→ **Task requirements**
Look through the data that follows and copy each line with the string "last".

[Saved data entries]
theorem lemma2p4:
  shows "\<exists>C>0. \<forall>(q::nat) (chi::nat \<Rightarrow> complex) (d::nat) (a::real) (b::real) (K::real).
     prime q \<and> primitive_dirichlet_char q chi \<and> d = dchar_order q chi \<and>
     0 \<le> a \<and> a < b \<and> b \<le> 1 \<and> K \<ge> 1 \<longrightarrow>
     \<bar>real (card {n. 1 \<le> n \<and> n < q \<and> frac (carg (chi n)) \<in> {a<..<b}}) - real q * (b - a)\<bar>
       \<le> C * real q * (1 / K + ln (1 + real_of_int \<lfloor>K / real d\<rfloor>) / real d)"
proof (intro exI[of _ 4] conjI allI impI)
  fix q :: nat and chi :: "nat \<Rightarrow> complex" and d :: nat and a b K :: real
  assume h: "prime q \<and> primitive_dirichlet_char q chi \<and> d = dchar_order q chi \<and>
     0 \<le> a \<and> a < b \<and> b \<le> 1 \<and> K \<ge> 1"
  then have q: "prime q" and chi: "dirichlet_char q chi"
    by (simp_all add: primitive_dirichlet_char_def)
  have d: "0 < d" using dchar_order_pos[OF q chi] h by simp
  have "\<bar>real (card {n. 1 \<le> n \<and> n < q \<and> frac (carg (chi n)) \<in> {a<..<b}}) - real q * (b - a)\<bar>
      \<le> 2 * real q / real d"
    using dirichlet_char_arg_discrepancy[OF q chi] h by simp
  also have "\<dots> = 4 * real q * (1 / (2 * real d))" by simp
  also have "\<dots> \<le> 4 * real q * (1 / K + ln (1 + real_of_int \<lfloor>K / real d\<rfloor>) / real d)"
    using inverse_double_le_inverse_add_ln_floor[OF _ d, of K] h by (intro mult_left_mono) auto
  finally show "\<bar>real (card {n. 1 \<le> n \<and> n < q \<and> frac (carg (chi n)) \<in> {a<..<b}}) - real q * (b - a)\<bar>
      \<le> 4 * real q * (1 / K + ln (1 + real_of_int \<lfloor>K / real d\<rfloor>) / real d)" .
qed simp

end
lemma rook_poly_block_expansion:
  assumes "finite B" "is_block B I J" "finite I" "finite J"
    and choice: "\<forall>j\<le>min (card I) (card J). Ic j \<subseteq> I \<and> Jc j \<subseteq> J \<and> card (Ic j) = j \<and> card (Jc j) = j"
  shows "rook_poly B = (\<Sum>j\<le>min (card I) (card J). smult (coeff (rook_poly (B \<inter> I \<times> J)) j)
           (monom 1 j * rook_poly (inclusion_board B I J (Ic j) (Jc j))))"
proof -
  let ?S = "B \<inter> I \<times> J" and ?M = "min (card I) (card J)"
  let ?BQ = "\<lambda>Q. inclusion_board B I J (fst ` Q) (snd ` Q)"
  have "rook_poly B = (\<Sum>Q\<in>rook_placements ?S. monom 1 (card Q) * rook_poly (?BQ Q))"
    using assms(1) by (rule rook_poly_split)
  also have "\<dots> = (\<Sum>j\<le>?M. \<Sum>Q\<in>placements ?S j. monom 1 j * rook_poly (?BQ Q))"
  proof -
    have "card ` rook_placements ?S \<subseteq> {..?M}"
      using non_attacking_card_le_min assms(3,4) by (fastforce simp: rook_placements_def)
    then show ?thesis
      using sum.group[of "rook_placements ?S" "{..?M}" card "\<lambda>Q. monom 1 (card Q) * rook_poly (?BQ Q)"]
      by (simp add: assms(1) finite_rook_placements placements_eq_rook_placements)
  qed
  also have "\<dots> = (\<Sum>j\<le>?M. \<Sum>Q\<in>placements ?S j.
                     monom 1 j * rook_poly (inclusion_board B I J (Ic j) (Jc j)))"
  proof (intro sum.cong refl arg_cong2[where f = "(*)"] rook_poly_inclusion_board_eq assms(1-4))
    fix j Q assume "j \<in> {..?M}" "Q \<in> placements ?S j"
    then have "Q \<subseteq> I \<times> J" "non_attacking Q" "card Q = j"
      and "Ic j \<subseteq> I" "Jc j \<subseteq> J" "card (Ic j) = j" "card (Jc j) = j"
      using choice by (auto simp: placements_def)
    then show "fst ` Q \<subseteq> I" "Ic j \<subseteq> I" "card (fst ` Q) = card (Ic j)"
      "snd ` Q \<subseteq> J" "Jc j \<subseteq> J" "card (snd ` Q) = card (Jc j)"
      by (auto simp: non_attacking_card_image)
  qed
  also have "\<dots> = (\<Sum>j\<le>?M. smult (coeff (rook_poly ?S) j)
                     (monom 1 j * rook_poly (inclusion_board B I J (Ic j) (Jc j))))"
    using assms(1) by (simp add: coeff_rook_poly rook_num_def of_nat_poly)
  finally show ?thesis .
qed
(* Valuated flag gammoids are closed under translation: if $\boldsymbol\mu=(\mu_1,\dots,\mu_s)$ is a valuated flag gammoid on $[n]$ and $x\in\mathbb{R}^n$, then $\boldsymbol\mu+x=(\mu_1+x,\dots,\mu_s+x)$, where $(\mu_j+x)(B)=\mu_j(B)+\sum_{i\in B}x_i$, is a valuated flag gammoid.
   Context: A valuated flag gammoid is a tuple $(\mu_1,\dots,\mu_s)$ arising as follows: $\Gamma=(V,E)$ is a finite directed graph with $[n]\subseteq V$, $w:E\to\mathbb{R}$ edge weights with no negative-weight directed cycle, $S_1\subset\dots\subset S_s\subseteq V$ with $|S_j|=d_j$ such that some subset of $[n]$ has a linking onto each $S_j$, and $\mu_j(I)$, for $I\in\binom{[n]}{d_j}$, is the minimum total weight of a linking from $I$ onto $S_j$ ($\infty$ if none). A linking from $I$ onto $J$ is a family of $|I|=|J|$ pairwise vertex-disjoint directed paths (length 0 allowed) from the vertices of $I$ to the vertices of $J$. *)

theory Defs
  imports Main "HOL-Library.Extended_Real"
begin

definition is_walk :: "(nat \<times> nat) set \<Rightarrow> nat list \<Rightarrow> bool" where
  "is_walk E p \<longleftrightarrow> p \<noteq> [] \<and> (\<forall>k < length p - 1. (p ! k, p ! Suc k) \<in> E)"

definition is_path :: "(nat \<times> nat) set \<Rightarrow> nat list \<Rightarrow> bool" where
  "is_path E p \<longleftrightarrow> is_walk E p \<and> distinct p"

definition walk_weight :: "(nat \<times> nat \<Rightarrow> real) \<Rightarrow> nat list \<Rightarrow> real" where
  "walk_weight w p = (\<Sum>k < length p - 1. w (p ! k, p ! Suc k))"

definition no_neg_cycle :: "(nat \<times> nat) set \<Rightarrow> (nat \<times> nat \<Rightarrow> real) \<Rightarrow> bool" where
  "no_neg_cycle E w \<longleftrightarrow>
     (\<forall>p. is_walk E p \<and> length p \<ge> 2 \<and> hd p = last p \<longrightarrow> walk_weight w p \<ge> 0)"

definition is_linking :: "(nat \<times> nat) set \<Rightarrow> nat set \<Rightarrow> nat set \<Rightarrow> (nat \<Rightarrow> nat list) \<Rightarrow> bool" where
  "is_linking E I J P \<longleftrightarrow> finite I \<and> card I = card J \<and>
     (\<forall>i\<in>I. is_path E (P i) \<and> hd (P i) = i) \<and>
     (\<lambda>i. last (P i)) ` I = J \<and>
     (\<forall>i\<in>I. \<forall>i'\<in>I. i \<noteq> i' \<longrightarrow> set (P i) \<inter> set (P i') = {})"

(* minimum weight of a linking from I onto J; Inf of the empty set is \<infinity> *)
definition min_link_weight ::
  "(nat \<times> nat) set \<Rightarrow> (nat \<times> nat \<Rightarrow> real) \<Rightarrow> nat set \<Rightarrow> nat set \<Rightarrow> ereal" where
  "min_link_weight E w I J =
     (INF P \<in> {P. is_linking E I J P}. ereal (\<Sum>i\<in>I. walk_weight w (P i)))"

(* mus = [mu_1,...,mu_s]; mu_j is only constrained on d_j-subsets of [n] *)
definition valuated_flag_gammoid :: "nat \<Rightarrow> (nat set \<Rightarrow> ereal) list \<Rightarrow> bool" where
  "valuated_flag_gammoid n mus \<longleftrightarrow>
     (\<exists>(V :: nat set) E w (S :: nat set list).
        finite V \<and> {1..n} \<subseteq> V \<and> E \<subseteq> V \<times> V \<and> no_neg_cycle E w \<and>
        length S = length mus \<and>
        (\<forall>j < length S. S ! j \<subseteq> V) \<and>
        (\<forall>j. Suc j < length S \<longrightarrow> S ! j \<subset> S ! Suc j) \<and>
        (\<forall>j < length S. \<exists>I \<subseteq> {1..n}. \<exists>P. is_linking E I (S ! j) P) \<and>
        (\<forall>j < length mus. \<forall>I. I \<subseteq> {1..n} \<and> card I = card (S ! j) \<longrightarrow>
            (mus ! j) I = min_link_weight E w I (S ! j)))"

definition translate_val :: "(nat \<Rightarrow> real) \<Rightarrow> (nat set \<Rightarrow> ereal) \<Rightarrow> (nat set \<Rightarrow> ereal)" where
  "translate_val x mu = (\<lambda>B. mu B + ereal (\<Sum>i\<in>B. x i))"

→ **Response for this exercise**
     (\<forall>p. is_walk E p \<and> length p \<ge> 2 \<and> hd p = last p \<longrightarrow> walk_weight w p \<ge> 0)"
     (\<lambda>i. last (P i)) ` I = J \<and>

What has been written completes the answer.